Notation: y^ is the value predicted by the ANN, and y is the actual value.

Then, for each input data-point, each value gets supplied to the perceptron and the activation function is applied. This produces the output value y^.

The next step is to compare the actual and output values and then calculate the value of the cost function. One of the most common cost functions is to calculate half of the squared distance between the two values, as shown above. The cost function shows the error in the prediction so we want to minimise this.

The result of the cost function is fed backwards through the perceptron and the weights are updated. The method for this is discussed later in this article.

So far we have only worked on one single data point with several features. If our dataset is made up of only a single point, we keep iteratively feeding in this datapoint and updating the weights until the cost function is below some threshold.

Now, supposing we have a whole dataset, we go through the whole dataset on each iteration, instead of just one data point. This is termed an ‘epoch’. After we obtain the output value for each input point, we compare to the actual values. The cost function for the whole dataset is the sum of the cost functions for each data point. We then update the weights and run further epochs until the cost function is minimised.

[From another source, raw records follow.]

(* Let $A\in\mathbb{R}^{n\times d}$ with largest singular value $\sigma_1$, $S\in\mathbb{R}^{d\times m}$, $\lambda>0$, and let $f:\mathbb{R}^n\to\mathbb{R}$ be convex, differentiable and $L$-Lipschitz (its gradient is not assumed Lipschitz). Let $x^*$ be the unique minimizer of $x\mapsto f(Ax)+\frac{\lambda}{2}\|x\|_2^2$, let $\alpha^*$ be any minimizer of $\alpha\mapsto f(AS\alpha)+\frac{\lambda}{2}\|S\alpha\|_2^2$, and set $\widetilde{x}=-\frac{1}{\lambda}A^\top\nabla f(AS\alpha^* )$. Then $$\|\widetilde{x}-x^*\|_2\le\frac{6L}{\lambda}\sqrt{\sigma_1 Z_f}.$$
   Context: $f^*(z)=\sup_w\{w^\top z-f(w)\}$ is the Fenchel conjugate of $f$ with domain $\mathrm{dom} f^*$. $z^*=\nabla f(Ax^* )$. $P_S=S(S^\top S)^\dagger S^\top$, $P_S^\perp=I_d-P_S$, and $Z_f=Z_f(A,S)=\sup_{\Delta\in(\mathrm{dom} f^*-z^* ),\,\Delta\ne0}\left(\frac{\Delta^\top AP_S^\perp A^\top\Delta}{\|\Delta\|_2^2}\right)^{1/2}$. *)

theory Defs
  imports "HOL-Analysis.Analysis"
begin

definition fenchel_dom :: "('a::real_inner \<Rightarrow> real) \<Rightarrow> 'a set" where
  "fenchel_dom f = {z. bdd_above (range (\<lambda>w. inner w z - f w))}"

definition pinv :: "real^'n^'m \<Rightarrow> real^'m^'n" where
  "pinv M = (THE X. M ** X ** M = M \<and> X ** M ** X = X \<and>
      transpose (M ** X) = M ** X \<and> transpose (X ** M) = X ** M)"

definition proj_mat :: "real^'m^'d \<Rightarrow> real^'d^'d" where
  "proj_mat S = S ** pinv (transpose S ** S) ** transpose S"

definition proj_perp :: "real^'m^'d \<Rightarrow> real^'d^'d" where
  "proj_perp S = mat 1 - proj_mat S"

text \<open>Z_f(A,S); the supremum over an empty index set is taken to be 0
  (all values are nonnegative, so inserting 0 does not change a nonempty sup).\<close>
definition Zf :: "(real^'n \<Rightarrow> real) \<Rightarrow> real^'n \<Rightarrow> real^'d^'n \<Rightarrow> real^'m^'d \<Rightarrow> real" where
  "Zf f zs A S = Sup (insert 0
     ((\<lambda>\<Delta>. sqrt ((transpose A *v \<Delta>) \<bullet> (proj_perp S *v (transpose A *v \<Delta>)) / (norm \<Delta>)^2))
       ` {\<Delta>. \<Delta> \<in> (\<lambda>z. z - zs) ` fenchel_dom f \<and> \<Delta> \<noteq> 0}))"

end

theory Submission
  imports Defs
begin

text \<open>Write z0 = grad f (A x*), z1 = grad f (A S alpha*) and w = A^T (z1 - z0). Stationarity of
  the full problem gives x* = -A^T z0 / lambda, so the error of the sketched dual estimate is
  exactly -w / lambda; stationarity of the sketched problem makes r = A^T z1 + lambda S alpha*
  orthogonal to the range of S, and r is shorter than A^T z1. Monotonicity of grad f, applied to
  lambda (S alpha* - x*) = r - w, gives
  |w|^2 <= <w, r> = <P_S^perp w, r> <= |P_S^perp w| |A^T z1|.
  Gradients of a convex L-Lipschitz function have norm at most L and lie in dom f*, so the
  definition of Z_f bounds |P_S^perp w| by 2 L Z_f, while |A^T z1| <= sigma_1 L; hence
  |w|^2 <= 2 sigma_1 Z_f L^2.\<close>

lemma convex_on_ge_tangent:
  fixes f :: "'a::real_inner \<Rightarrow> real"
  assumes cv: "convex_on UNIV f" and d: "(f has_derivative (\<lambda>h. g \<bullet> h)) (at a)"
  shows "f a + g \<bullet> (b - a) \<le> f b"
proof -
  define \<phi> where "\<phi> t = f (a + t *\<^sub>R (b - a))" for t :: real
  have "convex_on UNIV \<phi>"
  proof (rule convex_onI)
    fix t x y :: real assume "0 < t" "t < 1"
    have "\<phi> ((1 - t) * x + t * y) = f ((1 - t) *\<^sub>R (a + x *\<^sub>R (b - a)) + t *\<^sub>R (a + y *\<^sub>R (b - a)))"
      unfolding \<phi>_def by (simp add: algebra_simps)
    also have "\<dots> \<le> (1 - t) * \<phi> x + t * \<phi> y"
      unfolding \<phi>_def using cv \<open>0 < t\<close> \<open>t < 1\<close> by (intro convex_onD) auto
    finally show "\<phi> ((1 - t) *\<^sub>R x + t *\<^sub>R y) \<le> (1 - t) * \<phi> x + t * \<phi> y" by simp
  qed simp
  moreover have "(\<phi> has_field_derivative (g \<bullet> (b - a))) (at 0)"
  proof -
    have "((\<lambda>t. a + t *\<^sub>R (b - a)) has_derivative (\<lambda>t. t *\<^sub>R (b - a))) (at 0)"
      by (auto intro!: derivative_eq_intros)
    from has_derivative_compose[OF this, of f "\<lambda>h. g \<bullet> h"] d
    show ?thesis unfolding \<phi>_def by (simp add: has_field_derivative_def mult_commute_abs)
  qed
  ultimately have "\<phi> 1 - \<phi> 0 \<ge> g \<bullet> (b - a) * (1 - 0)"
    by (intro convex_on_imp_above_tangent) auto
  then show ?thesis unfolding \<phi>_def by simp
qed

lemma convex_on_gradient_monotone:
  fixes f :: "'a::real_inner \<Rightarrow> real"
  assumes "convex_on UNIV f"
    and "(f has_derivative (\<lambda>h. g \<bullet> h)) (at a)" "(f has_derivative (\<lambda>h. g' \<bullet> h)) (at b)"
  shows "(g - g') \<bullet> (a - b) \<ge> 0"
  using convex_on_ge_tangent[OF assms(1,2), of b] convex_on_ge_tangent[OF assms(1,3), of a]
  by (simp add: inner_diff_left inner_diff_right inner_commute)

lemma convex_on_gradient_norm_le_lipschitz:
  fixes f :: "'a::real_inner \<Rightarrow> real"
  assumes cv: "convex_on UNIV f" and d: "(f has_derivative (\<lambda>h. g \<bullet> h)) (at a)"
    and lip: "L-lipschitz_on UNIV f"
  shows "norm g \<le> L"
proof -
  have "f a + g \<bullet> g \<le> f (a + g)" using convex_on_ge_tangent[OF cv d, of "a + g"] by simp
  moreover have "dist (f (a + g)) (f a) \<le> L * dist (a + g) a"
    using lip by (auto simp: lipschitz_on_def)
  ultimately have "norm g * norm g \<le> L * norm g"
    by (auto simp: dist_real_def dist_norm power2_norm_eq_inner[symmetric] power2_eq_square)
  moreover have "L \<ge> 0" using lip by (auto simp: lipschitz_on_def)
  ultimately show ?thesis
    by (cases "norm g = 0") (auto simp: mult_le_cancel_right)
qed

lemma convex_on_gradient_in_fenchel_dom:
  fixes f :: "'a::real_inner \<Rightarrow> real"
  assumes "convex_on UNIV f" and "(f has_derivative (\<lambda>h. g \<bullet> h)) (at a)"
  shows "g \<in> fenchel_dom f"
  unfolding fenchel_dom_def
proof (intro CollectI bdd_aboveI2)
  fix w
  have "f a + g \<bullet> (w - a) \<le> f w" by (rule convex_on_ge_tangent[OF assms])
  then show "w \<bullet> g - f w \<le> a \<bullet> g - f a" by (simp add: inner_diff_right inner_commute)
qed

lemma norm_transpose_mult_le_onorm:
  fixes A :: "real^'d^'n"
  shows "norm (transpose A *v z) \<le> onorm (\<lambda>x. A *v x) * norm z"
proof -
  let ?y = "transpose A *v z"
  have "norm ?y * norm ?y = z \<bullet> (A *v ?y)"
    by (simp add: power2_eq_square[symmetric] power2_norm_eq_inner dot_lmul_matrix)
  also have "\<dots> \<le> norm z * norm (A *v ?y)" by (rule Cauchy_Schwarz_ineq2[THEN abs_le_D1])
  also have "\<dots> \<le> (onorm (\<lambda>x. A *v x) * norm z) * norm ?y"
    using onorm[of "\<lambda>x. A *v x" ?y] by (simp add: mult_left_mono algebra_simps)
  finally show ?thesis
    by (cases "norm ?y = 0") (auto simp: onorm_pos_le mult_le_cancel_right)
qed

definition penrose :: "real^'n^'m \<Rightarrow> real^'m^'n \<Rightarrow> bool" where
  "penrose M X \<longleftrightarrow> M ** X ** M = M \<and> X ** M ** X = X \<and>
      transpose (M ** X) = M ** X \<and> transpose (X ** M) = X ** M"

This whole process is called back-propagation. (See also cross-validated back-propagation.)

Gradient Descent

So far: in order for an Artificial Neural Network to learn, back-propagation of the error through the network must occur and the weights must be adjusted. So how do we adjust the weights?

One way could be to try out a large range of weights and plot the error accordingly. This is simple and intuitive if there is only one weight needing to be optimised. However, there are as many dimensions as there are input values in the input layers. A brute force approach would require testing k^m weights (where m is the number of inputs and k is the number of weight options to test for each). This then becomes a very complex task which could take a very long time.

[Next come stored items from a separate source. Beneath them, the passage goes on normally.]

(* Let $\mathbf D_0\in\mathbb R^{m\times p}$ have unit-norm columns, $\mathbf W\in\mathcal W_{\mathbf D_0}$, $\mathbf v\in\mathcal S^p$, and write $\mathbf D(t')=\mathbf D(\mathbf W,\mathbf v,t')$. Let $\mathbf x\in\mathbb R^m$, and $\boldsymbol\alpha_0\in\mathbb R^p$ with support $J$, $|J|=k$. Assume $k\mu(t)\le1/2$, $0\le t'\le t$, $\frac94\lambda\le\underline\alpha\le\min_{j\in J}|[\boldsymbol\alpha_0]_j|$ with $\lambda>0$, and $$\|[\mathbf D(t')]_J^\top(\mathbf x-\mathbf D(t')\boldsymbol\alpha_0)\|_\infty<\lambda(2-Q_t^2),\qquad\|[\mathbf D(t')]_{J^c}^\top(\mathbf I-\mathbf P_J(t'))\mathbf x\|_\infty<\lambda(2-Q_t^2).$$ Then the vector $\hat{\boldsymbol\alpha}(t')$ given by $\hat{\boldsymbol\alpha}(t')_J=([\mathbf D(t')]_J^\top[\mathbf D(t')]_J)^{-1}([\mathbf D(t')]_J^\top\mathbf x-\lambda\,\mathrm{sign}([\boldsymbol\alpha_0]_J))$, $\hat{\boldsymbol\alpha}(t')_{J^c}=\mathbf 0$, is the unique solution of $\min_{\boldsymbol\alpha\in\mathbb R^p}\frac12\|\mathbf x-\mathbf D(t')\boldsymbol\alpha\|_2^2+\lambda\|\boldsymbol\alpha\|_1$.
   Context: $\mu_0=\max_{i\ne j}|[\mathbf d_0^i]^\top\mathbf d_0^j|$, $\mu(t)=\mu_0+3t$, $Q_t=1/\sqrt{1-k\mu(t)}$. $\mathcal S^p$ unit sphere; $\mathcal W_{\mathbf D_0}=\{\mathbf W:\mathrm{diag}(\mathbf W^\top\mathbf D_0)=\mathbf 0,\mathrm{diag}(\mathbf W^\top\mathbf W)=\mathbf 1\}$; $\mathbf D(\mathbf W,\mathbf v,t)=\mathbf D_0\mathrm{Diag}[\cos(\mathbf vt)]+\mathbf W\mathrm{Diag}[\sin(\mathbf vt)]$. $\mathbf M_J$ denotes the columns indexed by $J$; $\mathbf P_J(t')$ is the orthogonal projector onto the span of $[\mathbf D(t')]_J$. *)

theory Defs
  imports "HOL-Analysis.Analysis"
begin

text \<open>Matrices D :: real^'p^'m are m x p (rows indexed by 'm, columns by 'p).\<close>

definition mutual_coherence :: "real^'p^'m \<Rightarrow> real" where
  "mutual_coherence D0 =
     Max (insert 0 {\<bar>column i D0 \<bullet> column j D0\<bar> | i j. i \<noteq> j})"

definition mu_t :: "real^'p^'m \<Rightarrow> real \<Rightarrow> real" where
  "mu_t D0 t = mutual_coherence D0 + 3 * t"

definition Q_t :: "real^'p^'m \<Rightarrow> nat \<Rightarrow> real \<Rightarrow> real" where
  "Q_t D0 k t = 1 / sqrt (1 - real k * mu_t D0 t)"

definition W_set :: "real^'p^'m \<Rightarrow> (real^'p^'m) set" where
  "W_set D0 = {W. (\<forall>j. column j W \<bullet> column j D0 = 0) \<and> (\<forall>j. column j W \<bullet> column j W = 1)}"

definition Dpath :: "real^'p^'m \<Rightarrow> real^'p^'m \<Rightarrow> real^'p \<Rightarrow> real \<Rightarrow> real^'p^'m" where
  "Dpath D0 W v t = (\<chi> i j. D0$i$j * cos (v$j * t) + W$i$j * sin (v$j * t))"

definition linf_on :: "'p set \<Rightarrow> ('p \<Rightarrow> real) \<Rightarrow> real" where
  "linf_on A f = Max (insert 0 ((\<lambda>j. \<bar>f j\<bar>) ` A))"

definition l1norm :: "real^'p \<Rightarrow> real" where
  "l1norm a = (\<Sum>j\<in>UNIV. \<bar>a$j\<bar>)"

definition orth_proj :: "('a::real_inner) set \<Rightarrow> 'a \<Rightarrow> 'a" where
  "orth_proj S x = (THE y. y \<in> S \<and> (\<forall>z\<in>S. (x - y) \<bullet> z = 0))"

definition proj_cols :: "real^'p^'m \<Rightarrow> 'p set \<Rightarrow> real^'m \<Rightarrow> real^'m" where
  "proj_cols D J x = orth_proj (span ((\<lambda>j. column j D) ` J)) x"

text \<open>Gram matrix [D]_J^T [D]_J embedded block-diagonally into a p x p matrix, with the
 identity on the J^c block; its inverse restricted to J is ([D]_J^T [D]_J)^{-1}.\<close>
definition gram_J_ext :: "real^'p^'m \<Rightarrow> 'p set \<Rightarrow> real^'p^'p" where
  "gram_J_ext D J = (\<chi> i j. if i \<in> J \<and> j \<in> J then column i D \<bullet> column j D
                            else if i = j then 1 else 0)"

definition alpha_hat :: "real^'p^'m \<Rightarrow> real^'m \<Rightarrow> real \<Rightarrow> real^'p \<Rightarrow> real^'p" where
  "alpha_hat D x lam alpha0 =
    (let J = {j. alpha0$j \<noteq> 0};
         b = (\<chi> j. if j \<in> J then column j D \<bullet> x - lam * sgn (alpha0$j) else 0);
         y = matrix_inv (gram_J_ext D J) *v b
     in (\<chi> j. if j \<in> J then y$j else 0))"

definition lasso_obj :: "real^'p^'m \<Rightarrow> real^'m \<Rightarrow> real \<Rightarrow> real^'p \<Rightarrow> real" where
  "lasso_obj D x lam a = 1/2 * (norm (x - D *v a))\<^sup>2 + lam * l1norm a"

end

theory Submission
  imports Defs
begin

text \<open>The Gram matrix of the columns of \<open>D(t')\<close> indexed by \<open>J\<close> has unit diagonal and
  off-diagonal entries bounded by the coherence, which along the path stays below \<open>\<mu>(t)\<close>
  because \<open>|sin (v\<^sub>j t')| \<le> t\<close>. It is therefore diagonally dominant: a coefficient vector
  is recovered from its image under the Gram matrix up to the factor
  \<open>Q\<^sub>t\<^sup>2 = 1 / (1 - k \<mu>(t))\<close>. Applied to \<open>\<alpha> - \<alpha>\<^sub>0\<close>, where \<open>\<alpha>\<close> is the candidate \<open>alpha_hat\<close>, this shows that \<open>\<alpha>\<close> lies within
  \<open>\<lambda> Q\<^sup>2 (3 - Q\<^sup>2) \<le> 9\<lambda>/4\<close> of \<open>\<alpha>\<^sub>0\<close> on \<open>J\<close>, hence has the same signs, so it satisfies
  the Lasso optimality conditions on \<open>J\<close> with equality. Applied to \<open>P\<^sub>J x - D \<alpha>\<close> it bounds
  the correlations of the columns outside \<open>J\<close> with the residual strictly below \<open>\<lambda>\<close>.
  Strict dual feasibility together with injectivity of \<open>D\<close> on vectors supported in \<open>J\<close>
  makes \<open>\<alpha>\<close> the unique minimiser.\<close>

lemma span_image_sum:
  fixes d :: "'i \<Rightarrow> 'a::real_vector"
  assumes fin: "finite J" and y: "y \<in> span (d ` J)"
  shows "\<exists>c. y = (\<Sum>j\<in>J. c j *\<^sub>R d j)"
proof -
  define S where "S = range (\<lambda>c. \<Sum>j\<in>J. c j *\<^sub>R d j)"
  have "subspace S"
    unfolding subspace_def S_def
  proof (intro conjI ballI allI)
    show "0 \<in> range (\<lambda>c. \<Sum>j\<in>J. c j *\<^sub>R d j)"
      by (rule range_eqI[of _ _ "\<lambda>_. 0"]) simp
    show "u + v \<in> range (\<lambda>c. \<Sum>j\<in>J. c j *\<^sub>R d j)"
      if "u \<in> range (\<lambda>c. \<Sum>j\<in>J. c j *\<^sub>R d j)" "v \<in> range (\<lambda>c. \<Sum>j\<in>J. c j *\<^sub>R d j)" for u v
    proof -
      from that obtain c c' where "u = (\<Sum>j\<in>J. c j *\<^sub>R d j)" "v = (\<Sum>j\<in>J. c' j *\<^sub>R d j)" by blast
      then show ?thesis
        by (intro range_eqI[of _ _ "\<lambda>j. c j + c' j"]) (simp add: scaleR_add_left sum.distrib)
    qed
    show "r *\<^sub>R u \<in> range (\<lambda>c. \<Sum>j\<in>J. c j *\<^sub>R d j)"
      if "u \<in> range (\<lambda>c. \<Sum>j\<in>J. c j *\<^sub>R d j)" for r u
    proof -
      from that obtain c where "u = (\<Sum>j\<in>J. c j *\<^sub>R d j)" by blast
      then show ?thesis by (intro range_eqI[of _ _ "\<lambda>j. r * c j"]) (simp add: scaleR_sum_right)
    qed
  qed
  moreover have "d i \<in> S" if "i \<in> J" for i
    unfolding S_def using fin that
    by (intro range_eqI[of _ _ "\<lambda>j. if j = i then 1 else 0"])
      (simp add: sum.delta' if_distrib[of "\<lambda>r. r *\<^sub>R _"] cong: if_cong)
  ultimately have "span (d ` J) \<subseteq> S" by (intro span_minimal) auto
  then show ?thesis using y unfolding S_def by auto
qed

Gradient descent is a solution that means we don’t have to test every possible combination. The general idea is to:

  • Pick an initial point
  • Test the gradient at this point (perhaps by testing a neighbour)
  • Pick the next point in the direction of that downward gradient
  • Continue until the gradient is within some threshold of zero-gradient

Of course, there may be complications as well as means to optimise the method. Furthermore, the method works in multiple dimensions.

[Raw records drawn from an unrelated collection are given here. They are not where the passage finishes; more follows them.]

(* Let $G$ be a graph with an edge coloring $c$, and let $\mathcal{L}$ be the set of connected representing graphs of $(G,c)$. If $$\mathcal{C}_0=\bigcap_{L\in\mathcal{L}}\{c(e): e\in T(L)\}$$ is nonempty, then $(G,c)$ is a good edge coloring, witnessed by a connected representing graph $L^\ast$ and a set of cut edges $X\subseteq T(L^\ast)$ with $\mathcal{C}_0\subseteq c(X)$; that is, $X$ is nonempty, and every edge of $G$ joining two different components of $L^\ast - X$ has a color in $c(X)$.
   Context: A representing graph of a graph $G$ with edge coloring $c$ is a spanning subgraph of $G$ obtained by taking exactly one edge of each color used by $c$. For a set of edges $E$, $c(E)$ denotes the set of colors of edges in $E$. For a graph $L$, $T(L)$ denotes its set of cut edges (bridges). The pair $(G,c)$ is a good edge coloring if there is a connected representing graph $L$ of $G$ and a nonempty set of cut edges $X\subseteq T(L)$ such that each edge of $G$ between different components of $L-X$ is colored by a color in $c(X)$. *)

theory Defs
  imports Main
begin

definition graph :: "'v set \<Rightarrow> 'v set set \<Rightarrow> bool" where
  "graph V E \<longleftrightarrow> finite V \<and> (\<forall>e\<in>E. e \<subseteq> V \<and> card e = 2)"

definition adj :: "'v set set \<Rightarrow> ('v \<times> 'v) set" where
  "adj F = {(u, v). {u, v} \<in> F}"

definition reachable :: "'v set set \<Rightarrow> 'v \<Rightarrow> 'v \<Rightarrow> bool" where
  "reachable F u v \<longleftrightarrow> (u, v) \<in> (adj F)\<^sup>*"

definition connected_graph :: "'v set \<Rightarrow> 'v set set \<Rightarrow> bool" where
  "connected_graph V F \<longleftrightarrow> (\<forall>u\<in>V. \<forall>v\<in>V. reachable F u v)"

definition cut_edges :: "'v set set \<Rightarrow> 'v set set" where
  "cut_edges F = {e \<in> F. \<exists>u v. e = {u, v} \<and> \<not> reachable (F - {e}) u v}"

text \<open>Representing graph of (G,c), G = (V,E): spanning subgraph (V,F) containing
  exactly one edge of each color used by c on E.\<close>
definition representing :: "'v set set \<Rightarrow> ('v set \<Rightarrow> 'c) \<Rightarrow> 'v set set \<Rightarrow> bool" where
  "representing E c F \<longleftrightarrow> F \<subseteq> E \<and> bij_betw c F (c ` E)"

definition connected_representing ::
  "'v set \<Rightarrow> 'v set set \<Rightarrow> ('v set \<Rightarrow> 'c) \<Rightarrow> 'v set set \<Rightarrow> bool" where
  "connected_representing V E c F \<longleftrightarrow> representing E c F \<and> connected_graph V F"

definition good_witness ::
  "'v set \<Rightarrow> 'v set set \<Rightarrow> ('v set \<Rightarrow> 'c) \<Rightarrow> 'v set set \<Rightarrow> 'v set set \<Rightarrow> bool" where
  "good_witness V E c F X \<longleftrightarrow> connected_representing V E c F \<and> X \<noteq> {} \<and> X \<subseteq> cut_edges F \<and>
     (\<forall>u v. {u, v} \<in> E \<and> \<not> reachable (F - X) u v \<longrightarrow> c {u, v} \<in> c ` X)"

Stochastic Gradient Descent

Gradient descent is a useful method, but requires a convex cost function (this is simple, with a single global minimum). If the cost function is not convex, then several minima may occur and the algorithm can get ‘stuck’ in one local minimum.

In GD, we look at all of the rows in the input data together. However, for stochastic GD, weight adjustment happens after each input, rather than after all of them. For both, there are multiple epochs. Stochastic GD helps to stop the minimisation from getting trapped into one local minimum. It causes the weights to fluctuate a lot more, but the result is that it has a greater chance of finding the global minimum than a local minima. It is also faster, as it requires less data to be used for each calculation.

See also the mini-batch gradient descent method.

Summary

  1. Randomly initialise the weights to small numbers, close to 0.
  2. Input the first observation in the input layer, where each feature in one input corresponds to one input node.
  3. Forward propagation: from left-to right in our diagrams, the neutrons are activated such that the impact of each neurones activation is limited by the weights. These activations are propagated until the predicted result is obtained.
  4. Compare the predicted and actual values.
  5. Back Propagation: from right to left in our diagrams, update the weights according to how responsible they are for the calculated error. The learning rate decides by how much we update the the weights.
  6. Repeat 1–5, updating the weights either:
  7. After each observation — Reinforcement Learning
  8. After a batch of observations — Batch Learning
  9. Repeat for several epochs (where one epoch is completed when the whole training set has passed through the ANN).